A worldwide nonprofit organization, AFS Intercultural Programs sends more than 1,600 students to more than 40 countries each year and welcomes more than 2,800 international high school students to the United States. Students are placed with host families to immerse themselves in the culture and leave with a better understanding of the country’s natives.

“I picked Africa because it’s one of the most exotic places you could go,” said Spangler, a junior at Worcester Preparatory School in Berlin. “It also allowed me to do community service.”

In Ghana, Spangler lived with a low-income family, which consisted of “Mr. and Mrs. Biney,” and their four children, Boye, 27, Maame, 24, Nana Janke, 19, and Kweku Mensa, 17. Every day, Spangler traveled to work at a local orphanage to play with the children and teach them how to read.

“I was kind of shaking when I gave my host family their gifts,” said Spangler, laughing. “I brought them chocolates, but (my Ghanaian siblings) found these princess stickers I had for the orphans and they started fighting over these stickers.”

Despite a shaky beginning, Spangler gradually adapted to Ghanian life, which involved showering with scarce buckets of water, washing clothes by hand and declining offers to purchase $4 dollar monkeys at the marketplace. She also ate traditional Ghanaian food, “fufu” with her hands, learned Ghanaian dances and attended a Ghanaian wedding during her stay abroad.

The Berlin resident quickly realized that she has a strong stomach.

“A lot of the students got sick,” she said. “I was the only one who didn’t, and I had to drink the tap water because I knew my family couldn’t afford bottled water.” Spangler even ate a slug.

“I’m pretty sure that’s what we had for dinner one night, but I didn’t ask my host mom until the end,” she said.

Spangler’s blonde hair caught the attention of Accra passersby, who couldn’t resist combing their fingers through it and calling her “obrunie, obrunie,” or white child, she said.

“If I did a hair flip to put it up into a pony tail, all of these people would get really excited and gather around me—it wasn’t just kids, adults too,” she said. “They also wanted to know if my skin felt different.”

During the last week in July, AFS took Paige and other volunteers on a tour through Ghana. They stayed in hostels and saw the Elmina Castle, Nzulezu, the Kakum national wildlife refuge park and the holding cells of the trans-Atlantic slave trade at Cape Coast.

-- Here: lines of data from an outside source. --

theorem proposition4p5:
  fixes p q :: real
    and T S :: "(nat \<Rightarrow> complex) \<Rightarrow> (nat \<Rightarrow> complex)"
    and E :: "(nat \<Rightarrow> complex) \<times> 'y::complex_banach \<Rightarrow> (nat \<Rightarrow> complex) \<times> 'x::complex_banach"
    and F :: "(nat \<Rightarrow> complex) \<times> 'x \<Rightarrow> (nat \<Rightarrow> complex) \<times> 'y"
  assumes "1 \<le> p" and "1 \<le> q" and "p \<noteq> q"
    and "lp_bounded_op p p T" and "lp_bounded_op q q S"
    and "lp_compact_op p T \<or> lp_compact_op q S"
  shows "\<not> eae_witness p q T S E F"
proof
  assume W: "eae_witness p q T S E F"
  then obtain GE where E: "ds_bounded_op q p E" "ds_bounded_op p q GE" "\<And>v. v \<in> ds_carrier q \<Longrightarrow> GE (E v) = v"
    unfolding eae_witness_def ds_invertible_def by blast
  obtain GF where F: "ds_bounded_op p q F" "ds_bounded_op q p GF"
    "\<And>u. u \<in> ds_carrier p \<Longrightarrow> GF (F u) = u" "\<And>v. v \<in> ds_carrier q \<Longrightarrow> F (GF v) = v"
    using W unfolding eae_witness_def ds_invertible_def by blast
  have GF_carrier: "\<And>v. v \<in> ds_carrier q \<Longrightarrow> GF v \<in> ds_carrier p"
    using F(2) unfolding ds_bounded_op_def by blast
  from assms(6) have "p = q"
  proof
    assume "lp_compact_op p T"
    then show "p = q"
      using compact_snd_factor_imp_exponents_eq[OF assms(1,2) _ F(1,2,3) E(2)]
        eae_witness_snd_factor_left[OF W assms(5) E(3)] by blast
  next
    assume "lp_compact_op q S"
    then show "p = q"
      using compact_snd_factor_imp_exponents_eq[OF assms(2,1) _ F(2,1,4) E(1)]
        eae_witness_snd_factor_right[OF W GF_carrier F(4)] by fastforce
  qed
  with assms(3) show False ..
qed

end
lemma sum_square_residual_orthonormal:
  fixes x :: "'a \<Rightarrow> real" and e :: "nat \<Rightarrow> 'a \<Rightarrow> real"
  assumes orthonormal: "\<And>j j'. j < r \<Longrightarrow> j' < r \<Longrightarrow>
      (\<Sum>t\<in>X. e j t * e j' t) = (if j = j' then 1 else 0)"
  defines "c j \<equiv> \<Sum>t\<in>X. x t * e j t"
  shows "(\<Sum>t\<in>X. (x t - (\<Sum>j<r. lam j * e j t))\<^sup>2)
       = (\<Sum>t\<in>X. (x t)\<^sup>2) - (\<Sum>j<r. (c j)\<^sup>2) + (\<Sum>j<r. (lam j - c j)\<^sup>2)"
proof -
  define y where "y t = (\<Sum>j<r. lam j * e j t)" for t
  have cross: "(\<Sum>t\<in>X. x t * y t) = (\<Sum>j<r. lam j * c j)"
    unfolding y_def c_def
    by (simp add: sum_distrib_left sum_distrib_right sum.swap[of _ X] mult_ac)
  have "(\<Sum>t\<in>X. (y t)\<^sup>2) = (\<Sum>j<r. \<Sum>j'<r. lam j * lam j' * (\<Sum>t\<in>X. e j t * e j' t))"
    unfolding y_def power2_eq_square sum_product
    by (simp add: sum_distrib_left sum.swap[of _ X] mult_ac)
  also have "\<dots> = (\<Sum>j<r. \<Sum>j'<r. lam j * lam j' * (if j = j' then 1 else 0))"
    by (intro sum.cong refl) (simp add: orthonormal)
  also have "\<dots> = (\<Sum>j<r. (lam j)\<^sup>2)"
    by (simp add: power2_eq_square if_distrib cong: if_cong)
  finally have square: "(\<Sum>t\<in>X. (y t)\<^sup>2) = (\<Sum>j<r. (lam j)\<^sup>2)" .
  have "(\<Sum>t\<in>X. (x t - y t)\<^sup>2)
      = (\<Sum>t\<in>X. (x t)\<^sup>2) - 2 * (\<Sum>t\<in>X. x t * y t) + (\<Sum>t\<in>X. (y t)\<^sup>2)"
    by (simp add: power2_diff sum.distrib sum_subtractf sum_distrib_left mult.assoc)
  moreover have "(\<Sum>j<r. (lam j - c j)\<^sup>2)
      = (\<Sum>j<r. (lam j)\<^sup>2) - 2 * (\<Sum>j<r. lam j * c j) + (\<Sum>j<r. (c j)\<^sup>2)"
    by (simp add: power2_diff sum.distrib sum_subtractf sum_distrib_left mult.assoc)
  ultimately show ?thesis
    unfolding y_def[symmetric] cross square by simp
qed

definition rank_one :: "(nat \<Rightarrow> mat) \<Rightarrow> nat \<Rightarrow> nat \<Rightarrow> tensor" where
  "rank_one U k j = (\<lambda>I. \<Prod>i<k. U i (I i) j)"

lemma diag_idx_in_idx: "j < r \<Longrightarrow> diag_idx k j \<in> idx (\<lambda>_. r) k"
  unfolding idx_def diag_idx_def by auto

lemma DiagT_mlmul_transpose:
  assumes "j < r"
  shows "DiagT k (mlmul (transpose_factors U) (\<lambda>_. r) n k A) j
       = (\<Sum>I\<in>idx n k. A I * rank_one U k j I)"
  using diag_idx_in_idx[OF assms]
  by (auto simp: DiagT_def mlmul_def transpose_factors_def rank_one_def diag_idx_def mult.commute
           intro!: sum.cong prod.cong)

lemma mlmul_diagT:
  assumes "1 \<le> k" and "I \<in> idx n k"
  shows "mlmul U n (\<lambda>_. r) k (diagT r k lam) I = (\<Sum>j<r. lam j * rank_one U k j I)"
proof -
  let ?g = "\<lambda>J. (\<Prod>i<k. U i (I i) (J i)) * diagT r k lam J"
  have diag_idx_0: "diag_idx k j 0 = j" for j
    using assms(1) by (simp add: diag_idx_def)
  have inj: "inj_on (diag_idx k) {..<r}"
    by (rule inj_onI) (metis diag_idx_0)
  have off_diagonal: "?g J = 0" if "J \<in> idx (\<lambda>_. r) k - diag_idx k ` {..<r}" for J
  proof -
    have "J 0 < r" using that assms(1) by (auto simp: idx_def)
    then have "diagT r k lam J = 0" using that by (auto simp: diagT_def)
    then show ?thesis by simp
  qed
  have "(\<Sum>J\<in>idx (\<lambda>_. r) k. ?g J) = (\<Sum>J\<in>diag_idx k ` {..<r}. ?g J)"
    by (rule sum.mono_neutral_right[OF finite_idx]) (auto simp: diag_idx_in_idx off_diagonal)
  also have "\<dots> = (\<Sum>j<r. ?g (diag_idx k j))"
    by (simp add: sum.reindex[OF inj])
  also have "\<dots> = (\<Sum>j<r. lam j * rank_one U k j I)"
    using diag_idx_in_idx diag_idx_0
    by (auto simp: diagT_def rank_one_def diag_idx_def intro!: sum.cong prod.cong)
  finally show ?thesis
    using assms(2) by (simp add: mlmul_def)
qed

(* Only the first factor needs orthogonal columns (hence s \<ge> 1); the others are just unit. *)
lemma rank_one_orthonormal:
  assumes "1 \<le> s" "s \<le> k" "feasible n k s r U" "j < r" "j' < r"
  shows "(\<Sum>I\<in>idx n k. rank_one U k j I * rank_one U k j' I) = (if j = j' then 1 else 0)"
proof -
  have columns: "(\<Sum>a<n i. U i a j * U i a j') = (if j = j' then 1 else 0)"
    if "i < k" "i = 0 \<or> j = j'" for i
  proof (cases "i < s")
    case True
    then show ?thesis
      using assms(3-5) by (auto simp: feasible_def orth_cols_def)
  next
    case False
    then show ?thesis
      using assms(1,3,4) that by (auto simp: feasible_def unit_cols_def power2_eq_square)
  qed
  have "(\<Sum>I\<in>idx n k. rank_one U k j I * rank_one U k j' I)
      = (\<Prod>i<k. \<Sum>a<n i. U i a j * U i a j')"
    unfolding rank_one_def prod.distrib[symmetric] by (rule sum_idx_prod)
  also have "\<dots> = (if j = j' then 1 else 0)"
  proof (cases "j = j'")
    case True
    then have "(\<Sum>a<n i. U i a j * U i a j') = 1" if "i < k" for i
      using columns[OF that] by simp
    with True show ?thesis by (simp add: prod.neutral)
  next
    case False
    have "0 \<in> {..<k}" using assms(1,2) by simp
    then show ?thesis
      using False columns[of 0] by (simp add: prod.remove)
  qed
  finally show ?thesis .
qed

lemma lrpota_obj_eq:
  assumes "1 \<le> s" "s \<le> k" "feasible n k s r U"
  shows "lrpota_obj A n k r U lam = hs_norm2 n k A - mlrpota_obj A n k r U
       + (\<Sum>j<r. (lam j - DiagT k (mlmul (transpose_factors U) (\<lambda>_. r) n k A) j)\<^sup>2)"
proof -
  have "lrpota_obj A n k r U lam
      = (\<Sum>I\<in>idx n k. (A I - (\<Sum>j<r. lam j * rank_one U k j I))\<^sup>2)"
    using assms(1,2) by (simp add: lrpota_obj_def hs_norm2_def mlmul_diagT)
  also have "\<dots> = hs_norm2 n k A - (\<Sum>j<r. (\<Sum>I\<in>idx n k. A I * rank_one U k j I)\<^sup>2)
      + (\<Sum>j<r. (lam j - (\<Sum>I\<in>idx n k. A I * rank_one U k j I))\<^sup>2)"
    unfolding hs_norm2_def
    by (rule sum_square_residual_orthonormal) (rule rank_one_orthonormal[OF assms])
  also have "\<dots> = hs_norm2 n k A - mlrpota_obj A n k r U
      + (\<Sum>j<r. (lam j - DiagT k (mlmul (transpose_factors U) (\<lambda>_. r) n k A) j)\<^sup>2)"
    unfolding mlrpota_obj_def
    by (auto simp: DiagT_mlmul_transpose[symmetric] DiagT_def intro!: sum.cong arg_cong2[where f = "(+)"])
  finally show ?thesis .
qed

lemma lrpota_optimizerD:
  assumes "1 \<le> s" "s \<le> k" and opt: "lrpota_optimizer A n k s r U lam"
  shows "mlrpota_optimizer A n k s r U"
    and "lrpota_obj A n k r U lam = hs_norm2 n k A - (\<Sum>j<r. (lam j)\<^sup>2)"
    and "mlrpota_obj A n k r U = (\<Sum>j<r. (lam j)\<^sup>2)"
proof -
  let ?a = "\<lambda>U. DiagT k (mlmul (transpose_factors U) (\<lambda>_. r) n k A)"
  have feas: "feasible n k s r U"
    using opt by (simp add: lrpota_optimizer_def)
  note obj = lrpota_obj_eq[OF assms(1,2), where A = A]
  have "lrpota_obj A n k r U lam \<le> lrpota_obj A n k r U (?a U)"
    using opt feas by (simp add: lrpota_optimizer_def)
  then have "(\<Sum>j<r. (lam j - ?a U j)\<^sup>2) \<le> 0"
    using obj[OF feas] by simp
  then have lam_eq: "\<forall>j<r. lam j = ?a U j"
    using sum_nonneg_eq_0_iff[of "{..<r}" "\<lambda>j. (lam j - ?a U j)\<^sup>2"]
    by (simp add: order_antisym sum_nonneg)
  then show mlrpota_value: "mlrpota_obj A n k r U = (\<Sum>j<r. (lam j)\<^sup>2)"
    by (simp add: mlrpota_obj_def DiagT_def)
  with lam_eq show lrpota_value: "lrpota_obj A n k r U lam = hs_norm2 n k A - (\<Sum>j<r. (lam j)\<^sup>2)"
    using obj[OF feas] by simp
  have "mlrpota_obj A n k r U' \<le> mlrpota_obj A n k r U" if "feasible n k s r U'" for U'
  proof -
    have "lrpota_obj A n k r U lam \<le> lrpota_obj A n k r U' (?a U')"
      using opt that by (simp add: lrpota_optimizer_def)
    then show ?thesis
      using lrpota_value mlrpota_value obj[OF that] by simp
  qed
  with feas show "mlrpota_optimizer A n k s r U"
    by (simp add: mlrpota_optimizer_def)
qed

lemma mlrpota_optimizer_imp_lrpota_optimizer:
  assumes "1 \<le> s" "s \<le> k" and opt: "mlrpota_optimizer A n k s r U"
  shows "lrpota_optimizer A n k s r U (DiagT k (mlmul (transpose_factors U) (\<lambda>_. r) n k A))"
proof -
  have feas: "feasible n k s r U"
    using opt by (simp add: mlrpota_optimizer_def)
  note obj = lrpota_obj_eq[OF assms(1,2), where A = A]
  have "lrpota_obj A n k r U (DiagT k (mlmul (transpose_factors U) (\<lambda>_. r) n k A))
      \<le> lrpota_obj A n k r U' lam'" if "feasible n k s r U'" for U' lam'
  proof -
    have "mlrpota_obj A n k r U' \<le> mlrpota_obj A n k r U"
      using opt that by (simp add: mlrpota_optimizer_def)
    moreover have "0 \<le> (\<Sum>j<r. (lam' j - DiagT k (mlmul (transpose_factors U') (\<lambda>_. r) n k A) j)\<^sup>2)"
      by (simp add: sum_nonneg)
    ultimately show ?thesis
      using obj[OF feas] obj[OF that] by simp
  qed
  with feas show ?thesis
    by (simp add: lrpota_optimizer_def)
qed

(* The hypothesis r \<le> n i only makes the feasible set nonempty; the argument does not use it. *)
theorem proposition3p5:
  fixes A :: tensor and n :: "nat \<Rightarrow> nat" and k s r :: nat
  assumes "1 \<le> s" and "s \<le> k" and "\<forall>i<s. r \<le> n i"
  shows "(\<forall>U lam. lrpota_optimizer A n k s r U lam \<longrightarrow>
            mlrpota_optimizer A n k s r U \<and>
            lrpota_obj A n k r U lam = hs_norm2 n k A - (\<Sum>j<r. (lam j)\<^sup>2) \<and>
            mlrpota_obj A n k r U = (\<Sum>j<r. (lam j)\<^sup>2))
       \<and> (\<forall>U. mlrpota_optimizer A n k s r U \<longrightarrow>
            lrpota_optimizer A n k s r U
              (DiagT k (mlmul (transpose_factors U) (\<lambda>_. r) n k A)))"
  using lrpota_optimizerD[OF assms(1,2)] mlrpota_optimizer_imp_lrpota_optimizer[OF assms(1,2)]
  by blast

end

“It was cool, too, because I had to barter for everything,” said Spangler, who purchased numerous souvenirs for Lower Shore family members, which included African necklaces and a giraffe.

On her flight home, Spangler wore one of the colorful African sundresses her host sister, Maame, made for her.

“When I saw her in that dress, I couldn’t believe it,” said Renee Spangler, Paige’s mother. “She left a child and came back as an adult—sophisticated and confident.”